Roughly halfway through primary season, runoffs in Texas are testing 2 prominent Republicans

AUSTIN, Texas (AP) — The 2024 primary season is roughly halfway over and there have been few shakeups so far, with just one U.S. House member defeated and incumbents widely prevailing in state Capitols.

But the runoffs in Texas on Tuesday are a test for two prominent Republicans: U.S. Rep. Tony Gonzales, who has broken ranks over guns and the border, and powerful state House Speaker Dade Phelan, who angered the party's hard right over the impeachment of Texas Attorney General Ken Paxton.
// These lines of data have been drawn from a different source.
(* For all $0\le t<1$ and $x\in\mathbb{R}$, $V^*(t,x)\ge f(t,x)$, where $$V^*(t,x)=\begin{cases}\sqrt{1-t}\,\sqrt{2\pi}\,\Phi(-x/\sqrt{1-t})e^{x^2/(2(1-t))}v(C^* ), & x>C^*\sqrt{1-t},\\ f(t,x), & x\le C^*\sqrt{1-t}.\end{cases}$$
   Context: $\Phi$ is the standard normal distribution function. $B^*\approx0.84$ is the unique positive solution of $\sqrt{2\pi}(1-B^2)e^{B^2/2}\Phi(B)=B$. Define $U(t,x)=\sqrt{2\pi(1-t)}(1-(B^* )^2)e^{x^2/(2(1-t))}\Phi(x/\sqrt{1-t})$ for $x<B^*\sqrt{1-t}$, and $U(t,x)=x$ otherwise, for $0\le t<1$. Set $f(t,x)=U(t,x)-x$. For $C\le B^*$ let $v(C)=\frac{1}{\Phi(-C)}[(1-(B^* )^2)\Phi(C)-Ce^{-C^2/2}/\sqrt{2\pi}]$ and $u(C)=1-(B^* )^2-(1-C^2)\Phi(-C)-\frac{C}{\sqrt{2\pi}}e^{-C^2/2}$. $C^*<0$ is the unique negative zero of $u$, which maximizes $v$ on $(-\infty,B^*]$. *)

theory Defs
  imports "HOL-Probability.Probability"
begin

definition Phi :: "real \<Rightarrow> real" where
  "Phi x = (LBINT s:{..x}. std_normal_density s)"

definition Bstar :: real where
  "Bstar = (THE B. B > 0 \<and> sqrt (2*pi) * (1 - B\<^sup>2) * exp (B\<^sup>2 / 2) * Phi B = B)"

definition U :: "real \<Rightarrow> real \<Rightarrow> real" where
  "U t x = (if x < Bstar * sqrt (1 - t)
            then sqrt (2*pi*(1 - t)) * (1 - Bstar\<^sup>2) * exp (x\<^sup>2 / (2*(1 - t))) * Phi (x / sqrt (1 - t))
            else x)"

definition f :: "real \<Rightarrow> real \<Rightarrow> real" where
  "f t x = U t x - x"

definition v :: "real \<Rightarrow> real" where
  "v C = (1 / Phi (- C)) * ((1 - Bstar\<^sup>2) * Phi C - C * exp (- C\<^sup>2 / 2) / sqrt (2*pi))"

definition u :: "real \<Rightarrow> real" where
  "u C = 1 - Bstar\<^sup>2 - (1 - C\<^sup>2) * Phi (- C) - C / sqrt (2*pi) * exp (- C\<^sup>2 / 2)"

definition Cstar :: real where
  "Cstar = (THE C. C < 0 \<and> u C = 0)"

definition Vstar :: "real \<Rightarrow> real \<Rightarrow> real" where
  "Vstar t x = (if x > Cstar * sqrt (1 - t)
     then sqrt (1 - t) * sqrt (2*pi) * Phi (- x / sqrt (1 - t)) * exp (x\<^sup>2 / (2*(1 - t))) * v Cstar
     else f t x)"

end

theory Submission
  imports Defs
begin

text \<open>
  Put \<open>y = x / sqrt (1 - t)\<close> and \<open>K = sqrt (1 - t) sqrt (2 pi) Phi (- y) exp (y\<^sup>2 / 2) \<ge> 0\<close>.
  Then \<open>Vstar = K v(C*)\<close> for \<open>y > C*\<close>, while \<open>f = K v(y)\<close> for \<open>y < B*\<close> and \<open>f = 0\<close> for
  \<open>y \<ge> B*\<close>, so it suffices that \<open>v\<close> is nonincreasing on \<open>[C*, B*]\<close> with \<open>v(B*) = 0\<close>.
  As \<open>v' = \<phi> u / Phi(- C)\<^sup>2\<close>, this amounts to \<open>u \<le> 0\<close> on \<open>[C*, B*]\<close>.  Both \<open>u\<close> and the
  equation for \<open>B*\<close> are governed by \<open>G(y) = (1 - y\<^sup>2) Phi(y) - y \<phi>(y)\<close>: \<open>B*\<close> is the positive
  zero of \<open>G\<close>, \<open>u(C) = 1 - B*\<^sup>2 - G(- C)\<close> and \<open>G' = - 2 y Phi(y)\<close>.  Hence \<open>u\<close> decreases on
  \<open>(-\<infinity>, 0]\<close>, increases on \<open>[0, \<infinity>)\<close>, and vanishes at \<open>C*\<close> and, by
  \<open>G(y) + G(- y) = 1 - y\<^sup>2\<close>, at \<open>B*\<close>.
\<close>

lemma interval_lebesgue_integrable_std_normal_density:
  "interval_lebesgue_integrable lborel a b std_normal_density"
  unfolding interval_lebesgue_integrable_def set_integrable_def
  using integrable_mult_indicator[of "einterval a b" lborel std_normal_density]
    integrable_mult_indicator[of "einterval b a" lborel std_normal_density] by auto

lemma Phi_eq_interval_integral: "Phi x = (LBINT y=-\<infinity>..ereal x. std_normal_density y)"
proof -
  have "{y. -\<infinity> \<le> ereal y \<and> ereal y \<le> ereal x} = {..x}" by auto
  then show ?thesis
    unfolding Phi_def by (simp add: interval_integral_Icc')
qed

lemma std_normal_density_minus: "std_normal_density (-x) = std_normal_density x"
  by (simp add: std_normal_density_def)

lemma Phi_minus: "Phi (-x) = 1 - Phi x"
proof -
  have "1 = (LBINT y=-\<infinity>..\<infinity>. std_normal_density y)"
    by (simp add: interval_lebesgue_integral_def set_lebesgue_integral_def)
  also have "\<dots> = Phi x + (LBINT y=ereal x..\<infinity>. std_normal_density y)"
    unfolding Phi_eq_interval_integral
    by (rule interval_integral_sum[symmetric]) (rule interval_lebesgue_integrable_std_normal_density)
  also have "(LBINT y=ereal x..\<infinity>. std_normal_density y) = Phi (-x)"
    by (subst interval_integral_reflect) (simp add: std_normal_density_minus Phi_eq_interval_integral)
  finally show ?thesis by simp
qed

lemma has_real_derivative_Phi: "(Phi has_real_derivative std_normal_density x) (at x)"
proof -
  let ?F = "\<lambda>z. LBINT y=ereal 0..ereal z. std_normal_density y"
  have "continuous_on {-\<bar>x\<bar>-1..\<bar>x\<bar>+1} std_normal_density"
    unfolding std_normal_density_def by (intro continuous_intros) auto
  then have "(?F has_vector_derivative std_normal_density x) (at x within {-\<bar>x\<bar>-1..\<bar>x\<bar>+1})"
    by (rule interval_integral_FTC2[rotated 2]) auto
  moreover have "at x within {-\<bar>x\<bar>-1..\<bar>x\<bar>+1} = at x"
    by (rule at_within_interior) auto
  ultimately have "(?F has_real_derivative std_normal_density x) (at x)"
    by (simp add: has_real_derivative_iff_has_vector_derivative)
  moreover have "Phi = (\<lambda>z. Phi 0 + ?F z)"
    unfolding Phi_eq_interval_integral
    by (intro ext interval_integral_sum[symmetric] interval_lebesgue_integrable_std_normal_density)
  ultimately show ?thesis
    using DERIV_add[OF DERIV_const[of "Phi 0"]] by (metis add_0)
qed

lemma has_real_derivative_std_normal_density:
  "(std_normal_density has_real_derivative - x * std_normal_density x) (at x)"
proof -
  have "((\<lambda>x. exp (- x\<^sup>2 / 2)) has_real_derivative - x * exp (- x\<^sup>2 / 2)) (at x)"
    by (auto intro!: derivative_eq_intros)
  from DERIV_cmult[OF this, of "1 / sqrt (2 * pi)"] show ?thesis
    by (simp add: std_normal_density_def[abs_def])
qed

lemma Phi_has_real_derivative_comp [derivative_intros]:
  "(g has_real_derivative g') (at x within S) \<Longrightarrow>
   ((\<lambda>x. Phi (g x)) has_real_derivative std_normal_density (g x) * g') (at x within S)"
  by (rule DERIV_chain2[OF has_real_derivative_Phi])

lemma std_normal_density_has_real_derivative_comp [derivative_intros]:
  "(g has_real_derivative g') (at x within S) \<Longrightarrow>
   ((\<lambda>x. std_normal_density (g x)) has_real_derivative - g x * std_normal_density (g x) * g') (at x within S)"
  by (rule DERIV_chain2[OF has_real_derivative_std_normal_density])

lemma std_normal_density_pos: "std_normal_density x > 0"
  by (simp add: normal_density_pos)

lemma Phi_pos: "Phi x > 0"
proof -
  have "Phi (x - 1) \<ge> 0"
    unfolding Phi_def set_lebesgue_integral_def
    by (rule integral_nonneg_AE) (auto simp: indicator_def)
  moreover have "Phi (x - 1) < Phi x"
    by (rule DERIV_pos_imp_increasing) (use has_real_derivative_Phi std_normal_density_pos in auto)
  ultimately show ?thesis by linarith
qed

definition G :: "real \<Rightarrow> real" where
  "G y = (1 - y\<^sup>2) * Phi y - y * std_normal_density y"

lemma has_real_derivative_G: "(G has_real_derivative - 2 * y * Phi y) (at y)"
  unfolding G_def[abs_def]
  by (auto intro!: derivative_eq_intros simp: algebra_simps power2_eq_square)

lemma continuous_on_G: "continuous_on S G"
  using has_real_derivative_G by (meson DERIV_isCont continuous_at_imp_continuous_on)

lemma G_strict_mono_nonpos:
  assumes "a < b" "b \<le> 0" shows "G a < G b"
proof (rule DERIV_pos_imp_increasing_open[OF assms(1) _ continuous_on_G])
  fix y assume "a < y" "y < b"
  with assms have "- 2 * y * Phi y > 0"
    using Phi_pos[of y] by (simp add: mult_less_0_iff)
  then show "\<exists>d. (G has_real_derivative d) (at y) \<and> d > 0"
    using has_real_derivative_G by blast
qed

lemma G_strict_antimono_nonneg:
  assumes "0 \<le> a" "a < b" shows "G b < G a"
proof (rule DERIV_neg_imp_decreasing_open[OF assms(2) _ continuous_on_G])
  fix y assume "a < y" "y < b"
  with assms have "- 2 * y * Phi y < 0"
    using Phi_pos[of y] by (simp add: mult_less_0_iff)
  then show "\<exists>d. (G has_real_derivative d) (at y) \<and> d < 0"
    using has_real_derivative_G by blast
qed

lemma G_plus_G_minus: "G y + G (- y) = 1 - y\<^sup>2"
  by (simp add: G_def Phi_minus std_normal_density_minus algebra_simps)

lemma exp_times_std_normal_density: "sqrt (2 * pi) * exp (y\<^sup>2 / 2) * std_normal_density y = 1"
  by (simp add: std_normal_density_def exp_minus field_simps)

lemma Bstar_equation_iff_G_eq_0:
  "sqrt (2 * pi) * (1 - B\<^sup>2) * exp (B\<^sup>2 / 2) * Phi B = B \<longleftrightarrow> G B = 0"
proof -
  define c where "c = sqrt (2 * pi) * exp (B\<^sup>2 / 2)"
  have "sqrt (2 * pi) * (1 - B\<^sup>2) * exp (B\<^sup>2 / 2) * Phi B = c * ((1 - B\<^sup>2) * Phi B)"
    by (simp add: c_def algebra_simps)
  moreover have "B = c * (B * std_normal_density B)"
    using exp_times_std_normal_density[of B] by (simp add: c_def algebra_simps)
  moreover have "c * ((1 - B\<^sup>2) * Phi B) = c * (B * std_normal_density B) \<longleftrightarrow>
                 (1 - B\<^sup>2) * Phi B = B * std_normal_density B"
    by (simp add: c_def)
  ultimately show ?thesis unfolding G_def by argo
qed

lemma G_1_neg: "G 1 < 0"
  using std_normal_density_pos[of 1] by (simp add: G_def)

lemma ex1_pos_zero_G: "\<exists>!B. B > 0 \<and> G B = 0"
proof -
  have "G 0 > 0" using Phi_pos[of 0] by (simp add: G_def)
  with G_1_neg obtain B where B: "0 \<le> B" "B \<le> 1" "G B = 0"
    using IVT2'[of G 1 0 0] continuous_on_G by auto
  with \<open>G 0 > 0\<close> have "B > 0" by (cases "B = 0") auto
  moreover have "B' = B" if "B' > 0" "G B' = 0" for B'
    using G_strict_antimono_nonneg[of B B'] G_strict_antimono_nonneg[of B' B] that B
    by (cases B B' rule: linorder_cases) auto
  ultimately show ?thesis using B by blast
qed

lemma Bstar_pos: "Bstar > 0" and G_Bstar: "G Bstar = 0"
  using theI'[OF ex1_pos_zero_G] unfolding Bstar_def Bstar_equation_iff_G_eq_0 by auto

lemma Bstar_less_1: "Bstar < 1"
  using G_1_neg G_Bstar G_strict_antimono_nonneg[of 1 Bstar]
  by (cases Bstar "1::real" rule: linorder_cases) auto

lemma u_eq_G: "u C = 1 - Bstar\<^sup>2 - G (- C)"
  by (simp add: u_def G_def std_normal_density_def)

lemma continuous_on_u: "continuous_on S u"
  unfolding u_eq_G[abs_def]
  by (intro continuous_intros continuous_on_compose2[OF continuous_on_G[of UNIV]]) auto

lemma u_strict_antimono_nonpos: "a < b \<Longrightarrow> b \<le> 0 \<Longrightarrow> u b < u a"
  using G_strict_antimono_nonneg[of "- b" "- a"] by (simp add: u_eq_G)

lemma u_strict_mono_nonneg: "0 \<le> a \<Longrightarrow> a < b \<Longrightarrow> u a < u b"
  using G_strict_mono_nonpos[of "- b" "- a"] by (simp add: u_eq_G)

lemma u_Bstar: "u Bstar = 0"
  using G_plus_G_minus[of Bstar] G_Bstar by (simp add: u_eq_G)

lemma ex1_neg_zero_u: "\<exists>!C. C < 0 \<and> u C = 0"
proof -
  have "u 0 < 0"
    using u_strict_mono_nonneg[of 0 Bstar] Bstar_pos u_Bstar by simp
  moreover have "u (- 2) > 0"
  proof -
    have "G 2 < 0" using Phi_pos[of 2] std_normal_density_pos[of 2] by (simp add: G_def)
    moreover have "Bstar\<^sup>2 < 1" using Bstar_pos Bstar_less_1 by (simp add: power_less_one_iff)
    ultimately show ?thesis by (simp add: u_eq_G)
  qed
  ultimately obtain C where C: "- 2 \<le> C" "C \<le> 0" "u C = 0"
    using IVT2'[of u 0 0 "- 2"] continuous_on_u by auto
  with \<open>u 0 < 0\<close> have "C < 0" by (cases "C = 0") auto
  moreover have "C' = C" if "C' < 0" "u C' = 0" for C'
    using u_strict_antimono_nonpos[of C C'] u_strict_antimono_nonpos[of C' C] that C \<open>C < 0\<close>
    by (cases C C' rule: linorder_cases) auto
  ultimately show ?thesis using C by blast
qed

lemma Cstar_neg: "Cstar < 0" and u_Cstar: "u Cstar = 0"
  using theI'[OF ex1_neg_zero_u] unfolding Cstar_def by auto

lemma u_nonpos: "Cstar \<le> C \<Longrightarrow> C \<le> Bstar \<Longrightarrow> u C \<le> 0"
  using u_strict_antimono_nonpos[of Cstar C] u_strict_mono_nonneg[of C Bstar] u_Cstar u_Bstar
  by (cases "C \<le> 0"; cases "C = Cstar"; cases "C = Bstar") auto

lemma v_eq: "v C = ((1 - Bstar\<^sup>2) * Phi C - C * std_normal_density C) / Phi (- C)"
  by (simp add: v_def std_normal_density_def)

lemma has_real_derivative_v:
  "(v has_real_derivative std_normal_density C * u C / (Phi (- C))\<^sup>2) (at C)"
  unfolding v_eq[abs_def]
  using Phi_pos[of "- C"]
  by (auto intro!: derivative_eq_intros
      simp: u_eq_G G_def Phi_minus std_normal_density_minus field_simps power2_eq_square)

lemma v_antimono:
  assumes "Cstar \<le> y" "y \<le> Bstar" shows "v y \<le> v Cstar"
proof (rule DERIV_nonpos_imp_nonincreasing[OF assms(1)])
  fix z assume "Cstar \<le> z" "z \<le> y"
  with assms have "std_normal_density z * u z / (Phi (- z))\<^sup>2 \<le> 0"
    using u_nonpos[of z] std_normal_density_pos[of z]
    by (simp add: divide_nonpos_nonneg mult_nonneg_nonpos)
  then show "\<exists>d. (v has_real_derivative d) (at z) \<and> d \<le> 0"
    using has_real_derivative_v by blast
qed

lemma v_Bstar: "v Bstar = 0"
  using G_Bstar by (simp add: v_eq G_def)

lemma v_Cstar_nonneg: "v Cstar \<ge> 0"
  using v_antimono[of Bstar] v_Bstar Cstar_neg Bstar_pos by simp

lemma f_eq_v:
  assumes "t < 1" "x < Bstar * sqrt (1 - t)"
  shows "f t x = sqrt (1 - t) * sqrt (2 * pi) * Phi (- x / sqrt (1 - t))
                 * exp (x\<^sup>2 / (2 * (1 - t))) * v (x / sqrt (1 - t))"
proof -
  define s where "s = sqrt (1 - t)"
  define y where "y = x / s"
  have "s > 0" using assms by (simp add: s_def)
  then have x: "x = s * y" by (simp add: y_def)
  have "1 - t = s\<^sup>2" using assms by (simp add: s_def)
  with \<open>s > 0\<close> have exp_y: "x\<^sup>2 / (2 * (1 - t)) = y\<^sup>2 / 2"
    unfolding x by (simp add: power_mult_distrib)
  have sqrt_s: "sqrt (2 * pi * (1 - t)) = sqrt (2 * pi) * s"
    by (simp add: s_def real_sqrt_mult)
  have "f t x = sqrt (2 * pi * (1 - t)) * (1 - Bstar\<^sup>2) * exp (x\<^sup>2 / (2 * (1 - t)))
                * Phi (x / sqrt (1 - t)) - x"
    using assms by (simp add: f_def U_def)
  also have "\<dots> = s * sqrt (2 * pi) * exp (y\<^sup>2 / 2) * ((1 - Bstar\<^sup>2) * Phi y)
                  - s * (sqrt (2 * pi) * exp (y\<^sup>2 / 2) * std_normal_density y) * y"
    unfolding sqrt_s exp_y s_def[symmetric] y_def[symmetric] exp_times_std_normal_density
    by (subst x) (simp add: algebra_simps)
  also have "\<dots> = s * sqrt (2 * pi) * exp (y\<^sup>2 / 2)
                  * ((1 - Bstar\<^sup>2) * Phi y - y * std_normal_density y)"
    by (simp add: algebra_simps)
  also have "(1 - Bstar\<^sup>2) * Phi y - y * std_normal_density y = Phi (- y) * v y"
    using Phi_pos[of "- y"] by (simp add: v_eq)
  finally show ?thesis
    unfolding exp_y s_def[symmetric] minus_divide_left[symmetric] y_def[symmetric]
    by (simp only: ac_simps)
qed

theorem lemma3p2:
  fixes t x :: real
  assumes "0 \<le> t" and "t < 1"
  shows "Vstar t x \<ge> f t x"
proof -
  let ?s = "sqrt (1 - t)"
  let ?K = "?s * sqrt (2 * pi) * Phi (- x / ?s) * exp (x\<^sup>2 / (2 * (1 - t)))"
  have "?s > 0" using assms by simp
  then have "?K \<ge> 0" using Phi_pos[of "- x / ?s"] by simp
  consider "x \<le> Cstar * ?s" | "Cstar * ?s < x" "x < Bstar * ?s" | "Bstar * ?s \<le> x"
    by linarith
  then show ?thesis
  proof cases
    case 1
    then show ?thesis by (simp add: Vstar_def)
  next
    case 2
    with \<open>?s > 0\<close> have "v (x / ?s) \<le> v Cstar"
      by (intro v_antimono) (simp_all add: pos_le_divide_eq pos_divide_le_eq)
    with 2 \<open>?K \<ge> 0\<close> show ?thesis
      using f_eq_v[OF assms(2)] by (simp add: Vstar_def mult_left_mono)
  next
    case 3
    moreover have "Cstar * ?s < Bstar * ?s"
      using Cstar_neg Bstar_pos \<open>?s > 0\<close> by simp
    ultimately show ?thesis
      using \<open>?K \<ge> 0\<close> v_Cstar_nonneg by (simp add: Vstar_def f_def U_def)
  qed
qed

end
The fights to save their jobs have laid bare the risks of dissent in the GOP and pushed both to swing back in races that have erupted into bitter and costly battles. A Gonzales loss, his supporters warn, would give Democrats an opening to flip a traditionally moderate district in November, while a change in Texas House leadership could push the state's policymaking even more to the right.

“You’ve got to be a brawler,” said Bill Miller, a longtime Republican strategist in Texas. “It’s expected. If you aren’t willing to do that, you are an outcast.”

Other Texas runoffs also are drawing attention.

Katrina Pierson, a former spokeswoman for Donald Trump, is on the ballot for a state House seat near Dallas. GOP voters also are picking a challenger to Democratic U.S. Rep. Henry Cuellar, who was indicted this month on conspiracy and bribery charges. Cuellar has said he is innocent.

Primaries have knocked out only one House member so far this year: Republican Rep. Jerry Carl of Alabama, who lost in an unusual primary to another incumbent, Rep. Barry Moore, after the state was forced to redraw congressional districts.

Gonzales, who carried 45% of the vote after drawing five challengers in March, has been tested in the primaries like few of his fellow Republicans. He faces Brandon Herrera, a gun-rights YouTube creator who calls himself “The AK Guy" in the district where the Uvalde school shooting happened in 2022.

“The state party of Texas has moved very far to the right, even farther than where the Republicans in D.C. are right now,” said Brian Smith, a political science professor at St. Edwards University in Austin, Texas. He called the squabbles within the Texas GOP “a fight for the soul of the party.”

Gonzales has the backing of party heavyweights including Texas Gov. Greg Abbott and Republican House Speaker Mike Johnson and has shrugged off a rare admonishment last year from the state party. The censure followed votes he cast in favor of same-sex marriage protections at the federal level and a bipartisan gun safety bill after the Uvalde school massacre.

“My voting record is very strong on the Constitution,” the 20-year Navy veteran said in April. “I swore an oath to the Constitution at 18 years old. And I’ve never stopped doing that. ... We can protect the Constitution and we can protect our kids. It does not have to be either/or.”

Herrera has taunted Gonzales on social media and called his campaign “desperate.”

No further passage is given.